During the months-long siege of Damascus’s southern suburbs, he says, residents lost their jobs as their shops were destroyed by random shelling or factories and plants set ablaze. A survey issued by the U.N, in April 2013 said that almost 1 million Syrians across the country had lost their jobs and businesses since the start of the conflict in March 2011. In some areas under opposition control, activists tracking the numbers say unemployment has hit 90 percent.

But Abu Omar’s small business initiatives are now providing employment opportunities for a number of the city’s youth.

Initiatives like Abu Omar’s could be the solution to providing jobs for thousands of qualified Syrians.

One in Douma, making and selling homemade yogurt, aimed at employing individuals whose higher education was cut short by the conflict. Yogurt was the produce of choice because it’s easy to manufacture, as it can be made in small batches in a home kitchen, and involves ingredients that are accessible.

The yogurt project employed nearly 40 local residents and was seed funded by Syrian businessmen living abroad.

Women activists in Ghouta started a women’s-only ceramics painting project to help 30 women who had lost a husband, father or brother and were now grappling with being their family’s breadwinner. The women collected ceramic pieces and sold them to traders in Damascus. Their raw materials were also donated by Syrians living outside the country.

Local project managers in Ghouta say the myriad projects have been able to alleviate the town’s unemployment by 10 percent.
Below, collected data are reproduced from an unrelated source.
(* Let $V_1,V_2,V_3$ be closed subspaces of a Hilbert space $\mathcal H$ such that for each pair $i\ne j$ neither of $V_i,V_j$ contains the other, and let $0<\alpha_{ij}\le\angle(V_i,V_j)$ with $\varepsilon_{ij}=\cos\alpha_{ij}$ ($\alpha_{ij}=\alpha_{ji}$). Then, whenever the angle on the left-hand side is defined (i.e. neither of the two subspaces involved contains the other): (a) $\cos\angle(\overline{V_1+V_3},\overline{V_2+V_3})\le\dfrac{\varepsilon_{12}+\varepsilon_{13}\varepsilon_{23}}{\sqrt{1-\varepsilon_{13}^2}\sqrt{1-\varepsilon_{23}^2}}$; (b) $\cos\angle(V_1\cap V_3,V_2\cap V_3)\le\dfrac{\varepsilon_{12}+\varepsilon_{13}\varepsilon_{23}}{\sqrt{1-\varepsilon_{13}^2}\sqrt{1-\varepsilon_{23}^2}}$.
   Context: $\overline{V_i+V_3}$ is the closure of $V_i+V_3$. For closed subspaces $W_1,W_2$ neither of which contains the other, the (Friederichs) angle $\angle(W_1,W_2)\in[0,\pi/2]$ is defined by $\cos\angle(W_1,W_2)=\sup\{|\langle w_1,w_2\rangle| : w_i\in W_i,\ \|w_i\|=1,\ w_i\perp W_1\cap W_2\}$. *)

theory Defs
  imports "HOL-Analysis.Analysis"
begin

definition closed_subspace :: "'a::real_inner set \<Rightarrow> bool" where
  "closed_subspace V \<longleftrightarrow> subspace V \<and> closed V"

definition friedrichs_cos :: "'a::real_inner set \<Rightarrow> 'a set \<Rightarrow> real" where
  "friedrichs_cos W1 W2 = Sup {\<bar>w1 \<bullet> w2\<bar> | w1 w2.
       w1 \<in> W1 \<and> w2 \<in> W2 \<and> norm w1 = 1 \<and> norm w2 = 1 \<and>
       (\<forall>x \<in> W1 \<inter> W2. w1 \<bullet> x = 0) \<and> (\<forall>x \<in> W1 \<inter> W2. w2 \<bullet> x = 0)}"

definition friedrichs_angle :: "'a::real_inner set \<Rightarrow> 'a set \<Rightarrow> real" where
  "friedrichs_angle W1 W2 = arccos (friedrichs_cos W1 W2)"

definition ssum :: "'a::real_vector set \<Rightarrow> 'a set \<Rightarrow> 'a set" where
  "ssum A B = {x + y | x y. x \<in> A \<and> y \<in> B}"

end

theory Submission
  imports Defs
begin

text \<open>
  Let \<open>Q\<close> be the orthogonal projection onto \<open>V\<^sub>3\<^sup>\<bottom>\<close>. A vector of
  \<open>closure (V\<^sub>1 + V\<^sub>3)\<close> orthogonal to the intersection of the two sums lies in
  \<open>V\<^sub>3\<^sup>\<bottom>\<close>, hence in the closure of \<open>Q V\<^sub>1\<close>; similarly on the other side. Reducing
  \<open>x \<in> V\<^sub>1\<close> and \<open>y \<in> V\<^sub>2\<close> modulo \<open>V\<^sub>1 \<inter> V\<^sub>3\<close>, \<open>V\<^sub>2 \<inter> V\<^sub>3\<close> and
  \<open>V\<^sub>1 \<inter> V\<^sub>2\<close>, the identity \<open>x \<bullet> Q y = x \<bullet> y - P x \<bullet> P y\<close> (\<open>P\<close> the
  projection onto \<open>V\<^sub>3\<close>) gives \<open>\<bar>x \<bullet> Q y\<bar> \<le> (\<epsilon>\<^sub>1\<^sub>2 + \<epsilon>\<^sub>1\<^sub>3\<epsilon>\<^sub>2\<^sub>3) |x| |y|\<close>,
  while \<open>|Q x| \<ge> \<surd>(1 - \<epsilon>\<^sub>1\<^sub>3\<^sup>2) |x|\<close> and \<open>|Q y| \<ge> \<surd>(1 - \<epsilon>\<^sub>2\<^sub>3\<^sup>2) |y|\<close>.
  Continuity of the inner product carries the resulting bound to the closures, which is (a).
  Part (b) is (a) for the orthogonal complements: passing to complements does not increase the
  cosine of the Friedrichs angle, and \<open>(closure (V\<^sub>1\<^sup>\<bottom> + V\<^sub>3\<^sup>\<bottom>))\<^sup>\<bottom> = V\<^sub>1 \<inter> V\<^sub>3\<close>.
\<close>

lemma parallelogram_law:
  fixes u w :: "'a::real_inner"
  shows "(norm (u - w))\<^sup>2 + (norm (u + w))\<^sup>2 = 2 * (norm u)\<^sup>2 + 2 * (norm w)\<^sup>2"
  by (simp add: power2_norm_eq_inner inner_diff_left inner_diff_right inner_add_left
      inner_add_right inner_commute)

lemma minimizing_sequence_Cauchy:
  fixes f :: "nat \<Rightarrow> 'a::real_inner"
  assumes "convex S" and f: "\<And>n. f n \<in> S" and d: "\<And>y. y \<in> S \<Longrightarrow> d \<le> norm (x - y)"
    and lim: "(\<lambda>n. norm (x - f n)) \<longlonglongrightarrow> d"
  shows "Cauchy f"
proof (rule CauchyI)
  fix e :: real assume "0 < e"
  have d0: "0 \<le> d" using lim by (rule LIMSEQ_le_const) simp
  have dist_bound: "(norm (f m - f n))\<^sup>2 \<le> 2 * (norm (x - f m))\<^sup>2 + 2 * (norm (x - f n))\<^sup>2 - 4 * d\<^sup>2"
    for m n
  proof -
    define c where "c = (1/2) *\<^sub>R (f m + f n)"
    have "c \<in> S" using \<open>convex S\<close> f unfolding c_def by (simp add: convexD scaleR_add_right)
    have "(x - f m) + (x - f n) = 2 *\<^sub>R (x - c)" unfolding c_def by (simp add: algebra_simps scaleR_2)
    then have "norm ((x - f m) + (x - f n)) = 2 * norm (x - c)" by simp
    moreover have "d \<le> norm (x - c)" using d \<open>c \<in> S\<close> by blast
    ultimately have "4 * d\<^sup>2 \<le> (norm ((x - f m) + (x - f n)))\<^sup>2"
      using d0 by (simp add: power_mult_distrib power_mono)
    then show ?thesis using parallelogram_law[of "x - f m" "x - f n"]
      by (simp add: norm_minus_commute)
  qed
  have "(\<lambda>n. (norm (x - f n))\<^sup>2) \<longlonglongrightarrow> d\<^sup>2" using lim by (rule tendsto_power)
  then have "eventually (\<lambda>n. (norm (x - f n))\<^sup>2 < d\<^sup>2 + e\<^sup>2 / 4) sequentially"
    using \<open>0 < e\<close> by (intro order_tendstoD(2)) auto
  then obtain N where N: "\<And>n. n \<ge> N \<Longrightarrow> (norm (x - f n))\<^sup>2 < d\<^sup>2 + e\<^sup>2 / 4"
    unfolding eventually_sequentially by blast
  show "\<exists>N. \<forall>m\<ge>N. \<forall>n\<ge>N. norm (f m - f n) < e"
  proof (intro exI allI impI)
    fix m n assume "N \<le> m" "N \<le> n"
    then have "(norm (f m - f n))\<^sup>2 < e\<^sup>2" using dist_bound[of m n] N[of m] N[of n] by linarith
    then show "norm (f m - f n) < e" using \<open>0 < e\<close> by (simp add: power_less_imp_less_base)
  qed
qed

lemma nearest_point_exists:
  fixes S :: "'a::{real_inner,complete_space} set"
  assumes "closed S" "convex S" "S \<noteq> {}"
  obtains p where "p \<in> S" "\<And>y. y \<in> S \<Longrightarrow> norm (x - p) \<le> norm (x - y)"
proof -
  define D where "D = (\<lambda>y. norm (x - y)) ` S"
  have "bdd_below D" unfolding D_def by (rule bdd_belowI[of _ 0]) auto
  then have "Inf D \<in> closure D" using \<open>S \<noteq> {}\<close> unfolding D_def
    by (intro closure_contains_Inf) auto
  then obtain g where g: "\<And>n. g n \<in> D" "g \<longlonglongrightarrow> Inf D" by (meson closure_sequential)
  then obtain f where f: "\<And>n. f n \<in> S" "\<And>n. g n = norm (x - f n)"
    unfolding D_def image_iff by metis
  have Inf_le: "Inf D \<le> norm (x - y)" if "y \<in> S" for y
    unfolding D_def using \<open>bdd_below D\<close> that by (auto intro!: cInf_lower simp: D_def)
  have lim: "(\<lambda>n. norm (x - f n)) \<longlonglongrightarrow> Inf D" using g(2) by (simp add: f(2)[symmetric])
  have "Cauchy f" using \<open>convex S\<close> f(1) Inf_le lim by (rule minimizing_sequence_Cauchy)
  then obtain p where p: "f \<longlonglongrightarrow> p" using Cauchy_convergent_iff convergent_def by blast
  have "p \<in> S" using \<open>closed S\<close> f(1) p closed_sequentially by blast
  moreover have "(\<lambda>n. norm (x - f n)) \<longlonglongrightarrow> norm (x - p)" by (intro tendsto_intros p)
  then have "norm (x - p) = Inf D" using lim LIMSEQ_unique by blast
  ultimately show thesis using Inf_le that by simp
qed

lemma nearest_point_subspace_orthogonal:
  assumes "subspace V" "p \<in> V" and nearest: "\<And>y. y \<in> V \<Longrightarrow> norm (x - p) \<le> norm (x - y)"
  shows "x - p \<in> V\<^sup>\<bottom>"
  unfolding orthogonal_comp_def orthogonal_def
proof (intro CollectI ballI)
  fix v assume "v \<in> V"
  show "v \<bullet> (x - p) = 0"
  proof (cases "v = 0")
    case False
    define t where "t = ((x - p) \<bullet> v) / (v \<bullet> v)"
    have "p + t *\<^sub>R v \<in> V" using assms \<open>v \<in> V\<close> by (simp add: subspace_add subspace_scale)
    then have "(norm (x - p))\<^sup>2 \<le> (norm ((x - p) - t *\<^sub>R v))\<^sup>2"
      using nearest by (simp add: power_mono diff_diff_eq)
    also have "\<dots> = (norm (x - p))\<^sup>2 - 2 * t * ((x - p) \<bullet> v) + t\<^sup>2 * (v \<bullet> v)"
      by (simp only: power2_norm_eq_inner)
        (simp add: inner_diff_left inner_diff_right inner_commute algebra_simps power2_eq_square)
    also have "\<dots> = (norm (x - p))\<^sup>2 - ((x - p) \<bullet> v)\<^sup>2 / (v \<bullet> v)"
      unfolding t_def using False by (simp add: power2_eq_square field_simps)
    finally have "((x - p) \<bullet> v)\<^sup>2 / (v \<bullet> v) \<le> 0" by simp
    moreover have "0 < v \<bullet> v" using False by simp
    ultimately have "((x - p) \<bullet> v)\<^sup>2 \<le> 0" by (simp add: divide_le_0_iff)
    then show ?thesis by (simp add: inner_commute)
  qed simp
qed

lemma mem_orthogonal_comp_iff: "x \<in> W\<^sup>\<bottom> \<longleftrightarrow> (\<forall>y\<in>W. x \<bullet> y = 0)"
  by (auto simp: orthogonal_comp_def orthogonal_def inner_commute)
Another project recruited teachers to work with children who have been forced out of school since the crisis began. The team of teachers received a small stipend. But one program manager says the team struggled to meet the costs of books and salaries, which can run into thousands of dollars.

Like with so much else in today’s Syria, funds for such projects are limited. Despite the project’s potential to staff dozens of young teachers, Abu Omar says it hasn’t attracted enough funding to pay living wages for the staff.

Unemployment isn’t limited just to opposition areas. Government loyalists in Homs say they have lost their jobs in both the public and private sectors because many were unable to reach their offices, which were in the besieged areas.

Faten, a 30-year-old from Homs, says she lost her job at one of the private medical clinics there after it became impossible for her to get to her office, which was located in the al-Maared neighborhood.

She says she currently depends on small local agriculture initiatives to feed herself and her family, as well as on aid provided by humanitarian NGOs working under the supervision of the Syrian government.

Fifty-year-old Issa says he lost large amounts of money after his trading business in the Damascus countryside slowed to a halt. He blames the security situation for the deteriorating economy.

“I remained silent and neutral since the beginning of the crisis,” he says, “but I was eventually forced to leave … to open a cotton plant in Turkey.”